As can be seen from the foregoing, the phrase "to respond" is utilized in paragraph 11 with reference to the obligation of employees on a furlough board to provide services elsewhere on the consolidated seniority district. Sub-paragraph (d) speaks to the consequences for employees who fail "to report" when called upon to provide services at other locations on the seniority district.

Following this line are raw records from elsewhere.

lemma lamp_same_row_commute: "lamp (i, n) + lamp (j, n) = lamp (j, n) + lamp (i, n)"
proof (cases "i \<le> j")
  case True
  then show ?thesis using lamp_same_row_commute_dist[of i n "nat (j - i)"] by simp
next
  case False
  then show ?thesis using lamp_same_row_commute_dist[of j n "nat (i - j)"] by simp
qed

text \<open>By \<open>lamp_pascal\<close> every lamp below row \<open>n\<close> is a product of lamps of row \<open>n\<close>, and these
  commute; so any two lamps commute.\<close>

inductive_set row_span :: "int \<Rightarrow> grp set" for n where
  row_span_0: "0 \<in> row_span n"
| row_span_lamp: "x \<in> row_span n \<Longrightarrow> x + lamp (i, n) \<in> row_span n"

lemma row_span_commute_lamp: "x \<in> row_span n \<Longrightarrow> lamp (i, n) + x = x + lamp (i, n)"
proof (induction rule: row_span.induct)
  case (row_span_lamp x j)
  have "lamp (i, n) + (x + lamp (j, n)) = x + (lamp (i, n) + lamp (j, n))"
    using row_span_lamp.IH by (simp add: add.assoc[symmetric])
  also have "\<dots> = x + lamp (j, n) + lamp (i, n)"
    using lamp_same_row_commute[of i n j] by (simp add: add.assoc)
  finally show ?case .
qed simp

lemma row_span_commute: "y \<in> row_span n \<Longrightarrow> x \<in> row_span n \<Longrightarrow> x + y = y + x"
proof (induction rule: row_span.induct)
  case (row_span_lamp y j)
  have "x + (y + lamp (j, n)) = y + (x + lamp (j, n))"
    using row_span_lamp by (simp add: add.assoc[symmetric])
  also have "\<dots> = y + lamp (j, n) + x"
    using row_span_commute_lamp[OF row_span_lamp.prems, of j] by (simp add: add.assoc)
  finally show ?case .
qed simp

lemma row_span_add: "y \<in> row_span n \<Longrightarrow> x \<in> row_span n \<Longrightarrow> x + y \<in> row_span n"
  by (induction rule: row_span.induct) (auto simp flip: add.assoc intro: row_span.intros)

lemma lamp_in_row_span: "snd p \<le> n \<Longrightarrow> lamp p \<in> row_span n"
proof -
  have lower_rows: "lamp (m, n - int j) \<in> row_span n" for m j
  proof (induction j arbitrary: m)
    case 0
    have "0 + lamp (m, n) \<in> row_span n" by (intro row_span.intros)
    then show ?case by simp
  next
    case (Suc j)
    have "lamp (m, n - int (Suc j)) = lamp (m, n - int j) + lamp (m - 1, n - int j)"
      using lamp_pascal[of m "n - int j"] by (simp add: algebra_simps)
    then show ?case using row_span_add[OF Suc.IH Suc.IH] by simp
  qed
  moreover obtain a b where "p = (a, b)" by fastforce
  moreover assume "snd p \<le> n"
  ultimately show ?thesis using lower_rows[of a "nat (n - b)"] by simp
qed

The provisions of paragraph 11(d) of clause 15 are remarkably similar to those of paragraph 8(b). Both appear to speak to the obligation of an employee to move from a furlough board to availability for some other form of service, either in a permanent or temporary position or vacancy or a temporary assignment, including spare board service. In the Arbitrator's view it is important to limit the interpretation of the phrase "to report" as it appears in paragraph 8(b) to the facts of the case at hand. The issue of what constitutes reporting for the purposes of responding to call for a permanent position, for example, does not arise on the facts disclosed. For the purposes of the case at hand, the Arbitrator need only deal with what might constitute the obligation to report for spare board duty. The language of paragraph 8(b) plainly ties the obligation to report to the call which triggers both the seventy-two hour and fifteen day periods contained within the paragraph. In that context, the call cannot easily be interpreted to mean a call to a specific spare board trip or assignment. Rather, it must be interpreted as relating to the obligation to present oneself as available to be placed upon the spare board, so as to be available for a specific call to work when when one's turn comes up.

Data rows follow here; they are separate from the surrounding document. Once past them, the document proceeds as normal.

lemma sum_UNIV_power_eq_0_if_not_dvd:
  assumes "\<not> (card (UNIV :: 'a::{field,finite} set) - 1) dvd m"
  shows "(\<Sum>x\<in>UNIV. x ^ m :: 'a) = 0"
proof -
  let ?N = "card (UNIV :: 'a set) - 1"
  have "0 < m mod ?N" "m mod ?N < ?N"
    using assms card_UNIV_field_ge_2[where 'a='a] by (simp_all add: dvd_eq_mod_eq_0)
  then obtain y :: 'a where y: "y \<noteq> 0" "y ^ (m mod ?N) \<noteq> 1"
    using exists_power_ne_1 by blast
  have "y ^ m = (y ^ ?N) ^ (m div ?N) * y ^ (m mod ?N)"
    unfolding power_mult[symmetric] power_add[symmetric] by simp
  then have y_m: "y ^ m = y ^ (m mod ?N)"
    using field_power_card_minus_1_eq_1[OF y(1)] by simp
  have "(\<Sum>x\<in>UNIV. x ^ m) = (\<Sum>x\<in>UNIV. (y * x) ^ m)"
    by (rule sum.reindex_bij_betw[symmetric])
       (rule bij_betw_byWitness[where f'="\<lambda>x. x / y"], use y in auto)
  also have "\<dots> = y ^ m * (\<Sum>x\<in>UNIV. x ^ m)"
    by (simp add: power_mult_distrib sum_distrib_left)
  finally have "(1 - y ^ m) * (\<Sum>x\<in>UNIV. x ^ m) = 0"
    by (simp add: algebra_simps)
  then show ?thesis
    using y y_m by simp
qed

lemma sum_UNIV_power:
  "(\<Sum>x\<in>UNIV. x ^ m :: 'a::{field,finite}) =
     (if 0 < m \<and> (card (UNIV :: 'a set) - 1) dvd m then -1 else 0)"
proof -
  let ?N = "card (UNIV :: 'a set) - 1"
  consider "m = 0" | "0 < m" "?N dvd m" | "\<not> ?N dvd m"
    by fastforce
  then show ?thesis
  proof cases
    case 1
    then show ?thesis
      using of_nat_card_UNIV_eq_0[where 'a='a] by simp
  next
    case 2
    have unit: "x ^ m = 1" if "x \<noteq> 0" for x :: 'a
    proof -
      obtain s where "m = ?N * s"
        using 2 by blast
      then show ?thesis
        using field_power_card_minus_1_eq_1[OF that] by (simp add: power_mult)
    qed
    have "(\<Sum>x\<in>UNIV. x ^ m :: 'a) = (\<Sum>x\<in>UNIV - {0}. x ^ m)"
      using 2 by (intro sum.mono_neutral_right) auto
    also have "\<dots> = (\<Sum>x\<in>UNIV - {0::'a}. 1)"
      using unit by (intro sum.cong) auto
    also have "\<dots> = of_nat (card (UNIV :: 'a set)) - 1"
      using card_UNIV_field_ge_2[where 'a='a] by (simp add: card_Diff_singleton of_nat_diff)
    finally show ?thesis
      using 2 by (simp add: of_nat_card_UNIV_eq_0)
  next
    case 3
    then show ?thesis
      by (simp add: sum_UNIV_power_eq_0_if_not_dvd)
  qed
qed

lemma sum_UNIV_poly:
  fixes p :: "'a::{field,finite} poly"
  assumes "degree p < J * (card (UNIV :: 'a set) - 1)"
  shows "(\<Sum>x\<in>UNIV. poly p x) = - (\<Sum>j\<in>{1..<J}. coeff p (j * (card (UNIV :: 'a set) - 1)))"
proof -
  define N where "N = card (UNIV :: 'a set) - 1"
  have N: "N \<ge> 1"
    using card_UNIV_field_ge_2[where 'a='a] N_def by simp
  have poly_eq: "poly p x = (\<Sum>i<J * N. coeff p i * x ^ i)" for x
  proof -
    have "(\<Sum>i<J * N. coeff p i * x ^ i) = (\<Sum>i\<le>degree p. coeff p i * x ^ i)"
      by (rule sum.mono_neutral_right) (use assms in \<open>auto simp: N_def coeff_eq_0\<close>)
    then show ?thesis by (simp add: poly_altdef)
  qed
  have multiples: "{i\<in>{..<J * N}. 0 < i \<and> N dvd i} = (\<lambda>j. j * N) ` {1..<J}"
  proof (intro set_eqI iffI)
    fix i assume "i \<in> {i\<in>{..<J * N}. 0 < i \<and> N dvd i}"
    then obtain j where "i = j * N" "j * N < J * N" "0 < j"
      by (auto elim!: dvdE simp: mult.commute)
    then show "i \<in> (\<lambda>j. j * N) ` {1..<J}"
      by auto
  next
    fix i assume "i \<in> (\<lambda>j. j * N) ` {1..<J}"
    then show "i \<in> {i\<in>{..<J * N}. 0 < i \<and> N dvd i}"
      using N by auto
  qed
  have "(\<Sum>x\<in>UNIV. poly p x) = (\<Sum>i<J * N. coeff p i * (\<Sum>x\<in>UNIV. x ^ i))"
    by (simp add: poly_eq sum_distrib_left sum.swap[of _ UNIV])
  also have "\<dots> = (\<Sum>i<J * N. if 0 < i \<and> N dvd i then - coeff p i else 0)"
    by (intro sum.cong) (auto simp: sum_UNIV_power N_def)
  also have "\<dots> = (\<Sum>i\<in>{i\<in>{..<J * N}. 0 < i \<and> N dvd i}. - coeff p i)"
    by (rule sum.inter_filter[symmetric]) simp
  also have "\<dots> = (\<Sum>i\<in>(\<lambda>j. j * N) ` {1..<J}. - coeff p i)"
    by (simp only: multiples)
  also have "\<dots> = (\<Sum>j\<in>{1..<J}. - coeff p (j * N))"
    using N by (intro sum.reindex_cong[where l="\<lambda>j. j * N"]) (auto simp: inj_on_def)
  finally show ?thesis
    by (simp add: N_def sum_negf)
qed

lemma hermite_power_sum_eq_0:
  fixes f :: "'a::{field,finite} \<Rightarrow> 'a"
  assumes "bij f" and "0 < t" and "t < card (UNIV :: 'a set) - 1"
  shows "(\<Sum>x\<in>UNIV. f x ^ t) = 0"
proof -
  have "(\<Sum>x\<in>UNIV. f x ^ t) = (\<Sum>y\<in>UNIV. y ^ t)"
    using sum.reindex_bij_betw[OF assms(1), of "\<lambda>y. y ^ t"] by simp
  also have "\<dots> = 0"
    using assms(2,3) by (auto simp: sum_UNIV_power dest: dvd_imp_le)
  finally show ?thesis .
qed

The foregoing interpretation is, moreover, consistent with the realities of furlough board service. Employees who are on furlough boards may be idle for substantial periods of time. In this case, for example, there are two furlough boards at Halifax, each of which is idle for two weeks at a time, in turn. The fact that employees on a furlough board may absent themselves from their home for periods of time, in the expectation that they will not be called to work, explains the period of delay allowed within the provisions of clause 15 when furlough board employees are called to some other form of service.

The facts in the case at hand reveal that Mr. Ross was not in Halifax when he was called for spare board service on October 27, 1992. He did, however, call the crew dispatcher on November 9, 1992 and placed his name on the spare board, as being available for work. However, he could not be reached when his turn came due on November 11, and declined an assignment when his turn came due again on November 13.

The concept of reporting as it is understood in paragraph 8(b) of the Memorandum of Agreement must, at a minimum, imply that an employee, in good faith, places himself or herself as available for service and willing to undertake any ensuing work assignment. While unforeseen circumstances may excuse an employee who has reported from the subsequent failure to protect a specific assignment, there can be no excuse for the employee who purports to report while harbouring no true intention of protecting any assignment of work. In the case at hand the Arbitrator is satisfied that Mr. Ross intended to manipulate the system so as to ensure his continuing unavailability for any assignment, as it appears he had since August 2, 1992. In these circumstances I cannot find that there was a true "reporting" within the meaning of paragraph 8(b) of the Memorandum of Agreement. In the result the grievor duly forfeited his seniority and his employment. In coming to that conclusion, the Arbitrator is satisfied that Mr. Ross did not provide a satisfactory explanation for his abandonment of his employment obligations.

For these reasons the grievance must be dismissed.